(Collected data entries)
════════════════

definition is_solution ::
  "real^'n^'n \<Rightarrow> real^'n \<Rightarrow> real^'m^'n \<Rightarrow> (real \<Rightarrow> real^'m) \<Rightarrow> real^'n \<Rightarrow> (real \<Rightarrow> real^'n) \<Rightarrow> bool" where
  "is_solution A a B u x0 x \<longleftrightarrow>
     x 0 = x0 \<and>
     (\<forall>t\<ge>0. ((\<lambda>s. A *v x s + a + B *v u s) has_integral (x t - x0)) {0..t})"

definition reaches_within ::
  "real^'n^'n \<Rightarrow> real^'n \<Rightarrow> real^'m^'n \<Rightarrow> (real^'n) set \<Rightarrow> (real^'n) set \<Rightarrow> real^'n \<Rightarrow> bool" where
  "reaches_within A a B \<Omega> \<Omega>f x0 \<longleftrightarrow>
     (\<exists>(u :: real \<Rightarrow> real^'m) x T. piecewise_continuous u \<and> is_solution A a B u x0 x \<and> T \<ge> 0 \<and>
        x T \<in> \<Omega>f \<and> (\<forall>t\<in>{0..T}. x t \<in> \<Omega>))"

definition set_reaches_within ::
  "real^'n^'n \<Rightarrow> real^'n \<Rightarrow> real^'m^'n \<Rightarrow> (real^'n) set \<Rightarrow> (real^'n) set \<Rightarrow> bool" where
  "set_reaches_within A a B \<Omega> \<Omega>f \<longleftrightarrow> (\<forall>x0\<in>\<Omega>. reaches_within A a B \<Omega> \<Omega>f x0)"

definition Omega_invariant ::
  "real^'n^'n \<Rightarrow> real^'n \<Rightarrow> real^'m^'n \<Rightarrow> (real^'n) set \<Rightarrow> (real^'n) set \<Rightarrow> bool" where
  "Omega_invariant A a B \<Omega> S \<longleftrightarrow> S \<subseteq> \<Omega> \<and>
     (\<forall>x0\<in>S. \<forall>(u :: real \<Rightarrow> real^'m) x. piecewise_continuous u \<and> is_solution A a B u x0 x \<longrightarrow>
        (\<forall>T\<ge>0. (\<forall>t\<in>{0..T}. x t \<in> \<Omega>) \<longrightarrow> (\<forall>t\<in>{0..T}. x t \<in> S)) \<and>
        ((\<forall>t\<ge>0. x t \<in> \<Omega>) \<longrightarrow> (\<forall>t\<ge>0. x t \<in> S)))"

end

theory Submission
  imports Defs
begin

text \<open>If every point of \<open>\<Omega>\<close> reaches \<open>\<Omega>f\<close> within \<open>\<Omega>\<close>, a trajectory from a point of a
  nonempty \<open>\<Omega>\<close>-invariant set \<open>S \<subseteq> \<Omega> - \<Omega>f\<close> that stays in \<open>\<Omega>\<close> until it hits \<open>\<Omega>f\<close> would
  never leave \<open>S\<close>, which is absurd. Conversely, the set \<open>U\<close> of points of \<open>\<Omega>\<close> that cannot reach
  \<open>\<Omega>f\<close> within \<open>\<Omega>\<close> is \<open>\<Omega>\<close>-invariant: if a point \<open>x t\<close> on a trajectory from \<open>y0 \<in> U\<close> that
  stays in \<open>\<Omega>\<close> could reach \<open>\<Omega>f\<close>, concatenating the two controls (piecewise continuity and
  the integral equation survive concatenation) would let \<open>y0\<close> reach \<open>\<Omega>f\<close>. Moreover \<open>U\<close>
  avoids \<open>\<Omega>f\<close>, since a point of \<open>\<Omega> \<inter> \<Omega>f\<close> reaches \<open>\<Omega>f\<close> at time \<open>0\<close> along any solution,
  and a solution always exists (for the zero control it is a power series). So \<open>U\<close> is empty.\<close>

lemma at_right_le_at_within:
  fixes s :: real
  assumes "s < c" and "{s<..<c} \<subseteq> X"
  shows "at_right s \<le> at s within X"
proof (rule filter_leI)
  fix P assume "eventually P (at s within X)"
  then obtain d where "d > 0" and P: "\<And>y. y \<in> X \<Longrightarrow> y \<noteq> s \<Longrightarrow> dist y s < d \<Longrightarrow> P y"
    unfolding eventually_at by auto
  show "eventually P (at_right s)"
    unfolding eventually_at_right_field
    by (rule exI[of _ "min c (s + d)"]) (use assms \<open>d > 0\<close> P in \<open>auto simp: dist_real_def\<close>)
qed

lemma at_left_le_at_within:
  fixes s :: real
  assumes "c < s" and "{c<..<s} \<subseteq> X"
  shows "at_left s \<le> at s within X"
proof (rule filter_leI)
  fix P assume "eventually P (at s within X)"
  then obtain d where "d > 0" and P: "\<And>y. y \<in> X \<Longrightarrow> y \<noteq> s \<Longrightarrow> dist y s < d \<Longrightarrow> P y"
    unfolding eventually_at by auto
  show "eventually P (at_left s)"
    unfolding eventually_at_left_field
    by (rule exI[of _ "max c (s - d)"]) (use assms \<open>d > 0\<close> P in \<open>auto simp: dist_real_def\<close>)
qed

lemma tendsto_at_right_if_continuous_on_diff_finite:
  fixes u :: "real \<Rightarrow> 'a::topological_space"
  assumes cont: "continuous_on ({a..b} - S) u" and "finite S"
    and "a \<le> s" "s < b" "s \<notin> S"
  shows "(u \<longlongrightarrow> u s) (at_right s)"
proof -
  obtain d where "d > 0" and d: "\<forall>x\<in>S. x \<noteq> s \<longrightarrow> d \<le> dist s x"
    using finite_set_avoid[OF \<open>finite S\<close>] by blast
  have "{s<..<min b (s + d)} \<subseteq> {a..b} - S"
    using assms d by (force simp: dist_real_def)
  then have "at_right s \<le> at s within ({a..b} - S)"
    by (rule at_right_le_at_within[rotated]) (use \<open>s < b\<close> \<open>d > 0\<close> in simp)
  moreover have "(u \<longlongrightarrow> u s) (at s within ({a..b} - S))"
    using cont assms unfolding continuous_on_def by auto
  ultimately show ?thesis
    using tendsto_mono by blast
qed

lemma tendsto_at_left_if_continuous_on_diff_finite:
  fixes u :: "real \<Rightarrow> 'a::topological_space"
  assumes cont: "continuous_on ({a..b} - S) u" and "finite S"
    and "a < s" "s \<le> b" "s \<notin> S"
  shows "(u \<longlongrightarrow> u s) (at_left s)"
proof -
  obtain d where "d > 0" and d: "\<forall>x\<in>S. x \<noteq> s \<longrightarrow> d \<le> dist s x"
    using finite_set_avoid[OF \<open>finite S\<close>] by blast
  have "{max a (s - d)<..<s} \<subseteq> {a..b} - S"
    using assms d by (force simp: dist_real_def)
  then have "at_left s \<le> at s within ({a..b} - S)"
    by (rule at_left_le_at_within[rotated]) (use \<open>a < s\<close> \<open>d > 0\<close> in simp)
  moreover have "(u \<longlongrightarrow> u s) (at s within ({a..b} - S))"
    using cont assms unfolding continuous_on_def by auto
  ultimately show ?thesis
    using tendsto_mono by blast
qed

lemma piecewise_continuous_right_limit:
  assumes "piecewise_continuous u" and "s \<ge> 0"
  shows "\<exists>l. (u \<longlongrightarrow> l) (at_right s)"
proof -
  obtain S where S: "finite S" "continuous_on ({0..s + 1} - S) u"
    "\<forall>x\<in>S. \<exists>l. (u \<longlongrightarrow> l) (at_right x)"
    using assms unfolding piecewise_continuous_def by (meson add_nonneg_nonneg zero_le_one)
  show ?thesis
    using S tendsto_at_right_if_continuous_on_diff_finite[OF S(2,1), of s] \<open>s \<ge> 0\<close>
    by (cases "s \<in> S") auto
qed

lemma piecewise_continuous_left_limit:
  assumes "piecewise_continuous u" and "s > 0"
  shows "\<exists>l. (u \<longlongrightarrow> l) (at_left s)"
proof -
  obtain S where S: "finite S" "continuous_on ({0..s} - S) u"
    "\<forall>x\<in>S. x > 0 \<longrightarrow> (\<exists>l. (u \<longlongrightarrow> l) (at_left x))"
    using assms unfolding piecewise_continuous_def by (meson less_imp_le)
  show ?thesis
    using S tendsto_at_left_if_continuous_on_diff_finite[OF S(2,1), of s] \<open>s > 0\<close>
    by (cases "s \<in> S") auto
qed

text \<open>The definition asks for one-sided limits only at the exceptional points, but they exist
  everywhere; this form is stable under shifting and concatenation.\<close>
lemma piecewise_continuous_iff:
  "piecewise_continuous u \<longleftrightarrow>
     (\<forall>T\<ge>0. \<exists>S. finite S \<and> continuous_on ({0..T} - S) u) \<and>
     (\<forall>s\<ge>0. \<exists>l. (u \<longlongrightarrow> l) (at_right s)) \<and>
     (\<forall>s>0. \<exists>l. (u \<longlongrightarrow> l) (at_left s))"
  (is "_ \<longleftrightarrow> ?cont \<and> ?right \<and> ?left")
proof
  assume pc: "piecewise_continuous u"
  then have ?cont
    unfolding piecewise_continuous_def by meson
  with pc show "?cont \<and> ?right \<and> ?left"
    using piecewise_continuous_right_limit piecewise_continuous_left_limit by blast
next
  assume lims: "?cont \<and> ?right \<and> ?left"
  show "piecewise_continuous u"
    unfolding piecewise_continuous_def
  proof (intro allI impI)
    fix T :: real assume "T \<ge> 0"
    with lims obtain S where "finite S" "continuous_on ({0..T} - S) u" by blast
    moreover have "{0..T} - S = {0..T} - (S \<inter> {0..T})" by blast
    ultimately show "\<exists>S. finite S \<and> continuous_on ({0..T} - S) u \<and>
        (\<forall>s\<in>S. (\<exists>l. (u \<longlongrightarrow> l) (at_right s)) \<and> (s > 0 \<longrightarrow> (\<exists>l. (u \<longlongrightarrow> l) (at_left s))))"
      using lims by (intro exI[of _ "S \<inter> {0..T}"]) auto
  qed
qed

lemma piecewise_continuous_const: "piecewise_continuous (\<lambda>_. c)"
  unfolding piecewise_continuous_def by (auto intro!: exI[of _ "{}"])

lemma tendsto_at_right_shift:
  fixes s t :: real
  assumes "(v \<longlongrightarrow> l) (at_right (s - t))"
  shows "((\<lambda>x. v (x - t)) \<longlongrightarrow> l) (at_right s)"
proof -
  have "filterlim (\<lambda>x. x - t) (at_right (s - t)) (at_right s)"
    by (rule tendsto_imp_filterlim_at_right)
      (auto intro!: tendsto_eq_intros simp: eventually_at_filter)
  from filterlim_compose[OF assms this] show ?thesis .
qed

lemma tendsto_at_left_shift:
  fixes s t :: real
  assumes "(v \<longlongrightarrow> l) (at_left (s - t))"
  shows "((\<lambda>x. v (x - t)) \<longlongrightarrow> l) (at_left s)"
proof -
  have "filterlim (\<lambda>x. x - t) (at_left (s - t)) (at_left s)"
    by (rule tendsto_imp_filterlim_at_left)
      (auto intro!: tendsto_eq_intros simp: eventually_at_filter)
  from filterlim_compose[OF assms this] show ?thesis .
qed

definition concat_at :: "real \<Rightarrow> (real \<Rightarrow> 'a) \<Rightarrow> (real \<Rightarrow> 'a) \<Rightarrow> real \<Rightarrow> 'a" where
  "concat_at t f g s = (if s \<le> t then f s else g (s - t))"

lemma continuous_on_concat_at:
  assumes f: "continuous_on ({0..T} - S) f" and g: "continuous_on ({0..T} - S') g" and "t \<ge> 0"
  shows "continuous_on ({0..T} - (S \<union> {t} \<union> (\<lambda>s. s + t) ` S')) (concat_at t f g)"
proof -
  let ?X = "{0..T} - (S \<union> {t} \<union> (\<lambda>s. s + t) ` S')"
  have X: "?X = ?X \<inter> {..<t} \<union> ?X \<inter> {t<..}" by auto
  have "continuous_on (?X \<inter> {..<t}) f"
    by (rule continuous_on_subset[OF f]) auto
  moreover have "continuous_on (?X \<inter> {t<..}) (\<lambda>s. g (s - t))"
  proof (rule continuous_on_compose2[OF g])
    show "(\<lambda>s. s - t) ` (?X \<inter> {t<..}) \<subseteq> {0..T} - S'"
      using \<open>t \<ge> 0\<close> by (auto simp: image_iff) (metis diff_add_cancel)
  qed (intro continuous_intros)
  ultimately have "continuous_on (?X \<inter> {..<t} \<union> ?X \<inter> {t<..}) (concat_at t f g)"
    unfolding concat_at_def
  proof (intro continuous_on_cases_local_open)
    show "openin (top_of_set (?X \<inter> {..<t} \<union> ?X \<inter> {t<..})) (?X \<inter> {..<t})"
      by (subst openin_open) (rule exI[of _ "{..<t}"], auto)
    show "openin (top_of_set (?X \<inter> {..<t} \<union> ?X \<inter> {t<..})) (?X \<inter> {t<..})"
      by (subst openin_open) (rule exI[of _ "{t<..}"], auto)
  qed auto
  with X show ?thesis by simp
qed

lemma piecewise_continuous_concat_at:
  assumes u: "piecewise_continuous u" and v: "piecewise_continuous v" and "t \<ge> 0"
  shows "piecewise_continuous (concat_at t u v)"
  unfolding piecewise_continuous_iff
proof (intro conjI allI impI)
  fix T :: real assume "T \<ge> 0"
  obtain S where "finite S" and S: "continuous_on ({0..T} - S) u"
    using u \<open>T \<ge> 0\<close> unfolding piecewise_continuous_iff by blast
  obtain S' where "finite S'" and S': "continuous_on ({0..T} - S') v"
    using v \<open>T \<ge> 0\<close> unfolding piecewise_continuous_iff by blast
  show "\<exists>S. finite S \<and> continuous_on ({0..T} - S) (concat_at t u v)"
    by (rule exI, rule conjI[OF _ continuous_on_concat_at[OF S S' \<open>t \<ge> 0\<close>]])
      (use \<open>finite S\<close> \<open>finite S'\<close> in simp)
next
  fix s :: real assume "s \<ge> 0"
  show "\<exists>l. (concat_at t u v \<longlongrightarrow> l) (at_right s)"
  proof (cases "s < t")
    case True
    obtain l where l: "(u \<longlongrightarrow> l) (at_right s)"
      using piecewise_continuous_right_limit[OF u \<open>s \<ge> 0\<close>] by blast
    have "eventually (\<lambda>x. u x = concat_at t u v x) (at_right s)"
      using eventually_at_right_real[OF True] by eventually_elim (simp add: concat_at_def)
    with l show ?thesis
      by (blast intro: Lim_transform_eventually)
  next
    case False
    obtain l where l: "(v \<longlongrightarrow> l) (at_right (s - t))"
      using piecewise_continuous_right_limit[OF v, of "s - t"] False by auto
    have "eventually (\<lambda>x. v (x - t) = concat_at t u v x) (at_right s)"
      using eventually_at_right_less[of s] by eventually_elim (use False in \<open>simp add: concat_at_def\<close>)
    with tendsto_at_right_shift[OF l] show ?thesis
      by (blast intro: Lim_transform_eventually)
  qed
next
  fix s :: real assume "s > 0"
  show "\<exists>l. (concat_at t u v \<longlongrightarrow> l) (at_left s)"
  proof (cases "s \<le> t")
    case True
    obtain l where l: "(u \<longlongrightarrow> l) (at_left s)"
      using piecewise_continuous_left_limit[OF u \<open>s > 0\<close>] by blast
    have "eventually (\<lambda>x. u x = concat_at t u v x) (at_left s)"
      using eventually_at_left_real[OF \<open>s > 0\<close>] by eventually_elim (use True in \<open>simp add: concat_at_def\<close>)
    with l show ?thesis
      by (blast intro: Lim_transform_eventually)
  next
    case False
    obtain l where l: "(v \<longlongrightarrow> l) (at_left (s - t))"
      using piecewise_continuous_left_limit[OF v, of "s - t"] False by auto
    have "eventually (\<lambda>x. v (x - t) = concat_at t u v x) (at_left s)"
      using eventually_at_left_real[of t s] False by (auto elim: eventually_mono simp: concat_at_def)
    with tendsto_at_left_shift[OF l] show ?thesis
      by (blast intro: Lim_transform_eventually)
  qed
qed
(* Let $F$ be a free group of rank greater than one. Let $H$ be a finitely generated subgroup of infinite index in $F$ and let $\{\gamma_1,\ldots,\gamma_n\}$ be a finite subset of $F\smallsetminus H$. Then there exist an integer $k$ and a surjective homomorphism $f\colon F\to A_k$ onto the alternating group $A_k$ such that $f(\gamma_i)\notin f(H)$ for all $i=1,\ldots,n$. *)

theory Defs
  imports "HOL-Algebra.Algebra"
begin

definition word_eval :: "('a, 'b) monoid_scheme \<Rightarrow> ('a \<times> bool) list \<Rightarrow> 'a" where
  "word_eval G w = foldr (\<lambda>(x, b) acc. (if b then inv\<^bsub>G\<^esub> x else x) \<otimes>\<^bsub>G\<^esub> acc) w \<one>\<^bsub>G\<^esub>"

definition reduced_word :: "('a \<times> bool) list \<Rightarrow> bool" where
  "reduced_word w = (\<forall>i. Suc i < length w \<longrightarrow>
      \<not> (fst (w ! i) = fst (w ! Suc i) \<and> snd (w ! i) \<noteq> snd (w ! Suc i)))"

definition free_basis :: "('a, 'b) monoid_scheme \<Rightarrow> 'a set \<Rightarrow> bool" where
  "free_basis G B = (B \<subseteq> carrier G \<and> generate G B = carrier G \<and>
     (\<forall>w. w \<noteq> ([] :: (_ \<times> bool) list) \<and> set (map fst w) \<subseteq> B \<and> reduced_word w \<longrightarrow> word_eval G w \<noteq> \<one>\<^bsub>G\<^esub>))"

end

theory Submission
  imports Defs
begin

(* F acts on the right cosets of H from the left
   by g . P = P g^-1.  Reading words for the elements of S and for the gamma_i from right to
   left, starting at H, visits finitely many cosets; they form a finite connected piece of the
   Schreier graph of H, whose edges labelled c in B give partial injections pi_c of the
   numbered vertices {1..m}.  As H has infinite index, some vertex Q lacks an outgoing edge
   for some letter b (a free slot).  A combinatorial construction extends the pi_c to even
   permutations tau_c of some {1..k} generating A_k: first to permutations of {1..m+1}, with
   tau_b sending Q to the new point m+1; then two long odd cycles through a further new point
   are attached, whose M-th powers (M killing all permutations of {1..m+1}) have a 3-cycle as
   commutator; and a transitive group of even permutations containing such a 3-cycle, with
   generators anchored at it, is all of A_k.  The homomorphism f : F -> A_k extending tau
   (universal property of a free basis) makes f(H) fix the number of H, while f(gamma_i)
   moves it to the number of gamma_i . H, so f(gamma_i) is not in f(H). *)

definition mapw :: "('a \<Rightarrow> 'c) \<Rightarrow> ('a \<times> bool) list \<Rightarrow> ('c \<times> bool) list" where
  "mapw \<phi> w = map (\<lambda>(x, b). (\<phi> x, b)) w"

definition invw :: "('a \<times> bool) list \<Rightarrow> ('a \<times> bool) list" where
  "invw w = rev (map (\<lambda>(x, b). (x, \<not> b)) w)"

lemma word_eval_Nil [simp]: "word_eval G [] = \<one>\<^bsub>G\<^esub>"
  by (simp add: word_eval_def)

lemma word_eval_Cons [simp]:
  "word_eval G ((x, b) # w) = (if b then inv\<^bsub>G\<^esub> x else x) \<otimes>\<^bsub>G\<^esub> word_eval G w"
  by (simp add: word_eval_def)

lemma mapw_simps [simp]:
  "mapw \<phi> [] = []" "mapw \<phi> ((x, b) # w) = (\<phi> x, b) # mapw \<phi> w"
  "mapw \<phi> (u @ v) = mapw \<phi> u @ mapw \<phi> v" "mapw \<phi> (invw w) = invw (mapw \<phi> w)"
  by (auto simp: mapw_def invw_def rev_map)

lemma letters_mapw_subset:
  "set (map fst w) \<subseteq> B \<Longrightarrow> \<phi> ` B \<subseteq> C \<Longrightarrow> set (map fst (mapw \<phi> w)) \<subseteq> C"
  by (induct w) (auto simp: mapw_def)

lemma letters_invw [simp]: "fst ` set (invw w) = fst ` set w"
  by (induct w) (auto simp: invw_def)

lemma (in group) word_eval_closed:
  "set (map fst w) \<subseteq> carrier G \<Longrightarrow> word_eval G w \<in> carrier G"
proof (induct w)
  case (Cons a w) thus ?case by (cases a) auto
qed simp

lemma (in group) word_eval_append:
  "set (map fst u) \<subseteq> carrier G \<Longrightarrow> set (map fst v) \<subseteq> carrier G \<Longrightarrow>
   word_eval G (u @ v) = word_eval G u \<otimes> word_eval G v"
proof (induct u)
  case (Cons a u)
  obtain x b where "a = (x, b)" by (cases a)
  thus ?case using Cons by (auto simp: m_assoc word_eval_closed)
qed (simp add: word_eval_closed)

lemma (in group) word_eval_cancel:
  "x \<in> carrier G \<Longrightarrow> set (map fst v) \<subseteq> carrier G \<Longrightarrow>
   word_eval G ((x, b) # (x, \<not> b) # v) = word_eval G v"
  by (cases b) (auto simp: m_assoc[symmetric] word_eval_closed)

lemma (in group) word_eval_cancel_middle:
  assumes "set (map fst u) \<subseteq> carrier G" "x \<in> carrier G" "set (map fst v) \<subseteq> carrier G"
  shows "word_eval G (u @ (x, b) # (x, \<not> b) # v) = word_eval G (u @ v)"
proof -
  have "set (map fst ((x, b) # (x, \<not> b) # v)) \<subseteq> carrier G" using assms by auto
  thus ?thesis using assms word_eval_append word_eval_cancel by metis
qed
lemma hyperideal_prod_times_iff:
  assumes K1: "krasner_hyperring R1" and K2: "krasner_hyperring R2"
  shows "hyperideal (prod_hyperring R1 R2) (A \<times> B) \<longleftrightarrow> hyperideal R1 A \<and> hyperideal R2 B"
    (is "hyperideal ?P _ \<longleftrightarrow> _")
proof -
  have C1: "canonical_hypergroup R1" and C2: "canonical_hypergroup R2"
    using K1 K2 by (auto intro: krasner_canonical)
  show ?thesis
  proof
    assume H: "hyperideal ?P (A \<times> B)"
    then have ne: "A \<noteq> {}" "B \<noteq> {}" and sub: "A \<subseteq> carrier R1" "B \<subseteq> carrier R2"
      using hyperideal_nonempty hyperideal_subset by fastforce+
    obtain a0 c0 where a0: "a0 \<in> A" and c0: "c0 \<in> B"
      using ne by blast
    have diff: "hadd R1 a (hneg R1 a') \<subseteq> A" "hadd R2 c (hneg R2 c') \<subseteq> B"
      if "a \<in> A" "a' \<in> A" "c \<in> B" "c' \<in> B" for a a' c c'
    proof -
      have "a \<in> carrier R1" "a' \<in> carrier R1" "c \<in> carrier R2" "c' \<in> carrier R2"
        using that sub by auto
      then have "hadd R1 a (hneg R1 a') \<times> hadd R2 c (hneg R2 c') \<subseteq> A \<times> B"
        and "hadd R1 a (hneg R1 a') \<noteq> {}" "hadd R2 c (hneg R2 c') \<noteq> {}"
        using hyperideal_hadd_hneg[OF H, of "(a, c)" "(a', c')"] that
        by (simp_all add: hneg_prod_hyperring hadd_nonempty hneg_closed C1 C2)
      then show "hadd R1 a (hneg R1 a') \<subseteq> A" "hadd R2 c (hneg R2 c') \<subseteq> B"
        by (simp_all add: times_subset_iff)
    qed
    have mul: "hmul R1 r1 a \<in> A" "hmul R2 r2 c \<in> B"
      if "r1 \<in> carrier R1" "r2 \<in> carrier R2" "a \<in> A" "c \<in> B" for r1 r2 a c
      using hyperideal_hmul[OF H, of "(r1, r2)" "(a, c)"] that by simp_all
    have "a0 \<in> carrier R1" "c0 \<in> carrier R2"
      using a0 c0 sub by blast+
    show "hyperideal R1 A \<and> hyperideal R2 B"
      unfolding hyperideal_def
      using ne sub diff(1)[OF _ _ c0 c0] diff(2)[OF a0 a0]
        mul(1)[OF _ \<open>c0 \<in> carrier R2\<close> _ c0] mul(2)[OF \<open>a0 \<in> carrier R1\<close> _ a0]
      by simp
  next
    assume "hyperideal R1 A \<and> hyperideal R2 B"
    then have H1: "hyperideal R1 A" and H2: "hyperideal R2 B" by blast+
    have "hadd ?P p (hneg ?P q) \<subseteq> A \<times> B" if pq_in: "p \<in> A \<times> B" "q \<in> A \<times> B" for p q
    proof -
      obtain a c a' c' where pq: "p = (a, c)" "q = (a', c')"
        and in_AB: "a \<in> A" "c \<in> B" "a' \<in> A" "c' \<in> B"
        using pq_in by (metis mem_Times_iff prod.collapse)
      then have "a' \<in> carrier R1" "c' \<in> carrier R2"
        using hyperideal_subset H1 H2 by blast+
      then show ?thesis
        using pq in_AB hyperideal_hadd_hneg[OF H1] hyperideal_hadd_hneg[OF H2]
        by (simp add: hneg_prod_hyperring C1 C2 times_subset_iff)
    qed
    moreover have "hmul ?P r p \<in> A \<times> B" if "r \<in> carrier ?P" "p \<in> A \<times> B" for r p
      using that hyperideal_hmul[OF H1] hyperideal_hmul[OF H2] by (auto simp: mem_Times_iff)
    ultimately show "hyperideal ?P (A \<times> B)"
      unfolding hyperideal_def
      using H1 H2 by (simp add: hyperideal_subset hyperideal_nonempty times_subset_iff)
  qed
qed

════════════════

[TASK INSTRUCTIONS] Reproduce, exactly as they stand in the data above, the lines from the one that holds "using hyperideal_hmul[OF H, of" to the one that holds "r p \<in> A", inclusive.

[RESPONSE TO THIS EXERCISE]
      using hyperideal_hmul[OF H, of "(r1, r2)" "(a, c)"] that by simp_all
    have "a0 \<in> carrier R1" "c0 \<in> carrier R2"
      using a0 c0 sub by blast+
    show "hyperideal R1 A \<and> hyperideal R2 B"
      unfolding hyperideal_def
      using ne sub diff(1)[OF _ _ c0 c0] diff(2)[OF a0 a0]
        mul(1)[OF _ \<open>c0 \<in> carrier R2\<close> _ c0] mul(2)[OF \<open>a0 \<in> carrier R1\<close> _ a0]
      by simp
  next
    assume "hyperideal R1 A \<and> hyperideal R2 B"
    then have H1: "hyperideal R1 A" and H2: "hyperideal R2 B" by blast+
    have "hadd ?P p (hneg ?P q) \<subseteq> A \<times> B" if pq_in: "p \<in> A \<times> B" "q \<in> A \<times> B" for p q
    proof -
      obtain a c a' c' where pq: "p = (a, c)" "q = (a', c')"
        and in_AB: "a \<in> A" "c \<in> B" "a' \<in> A" "c' \<in> B"
        using pq_in by (metis mem_Times_iff prod.collapse)
      then have "a' \<in> carrier R1" "c' \<in> carrier R2"
        using hyperideal_subset H1 H2 by blast+
      then show ?thesis
        using pq in_AB hyperideal_hadd_hneg[OF H1] hyperideal_hadd_hneg[OF H2]
        by (simp add: hneg_prod_hyperring C1 C2 times_subset_iff)
    qed
    moreover have "hmul ?P r p \<in> A \<times> B" if "r \<in> carrier ?P" "p \<in> A \<times> B" for r p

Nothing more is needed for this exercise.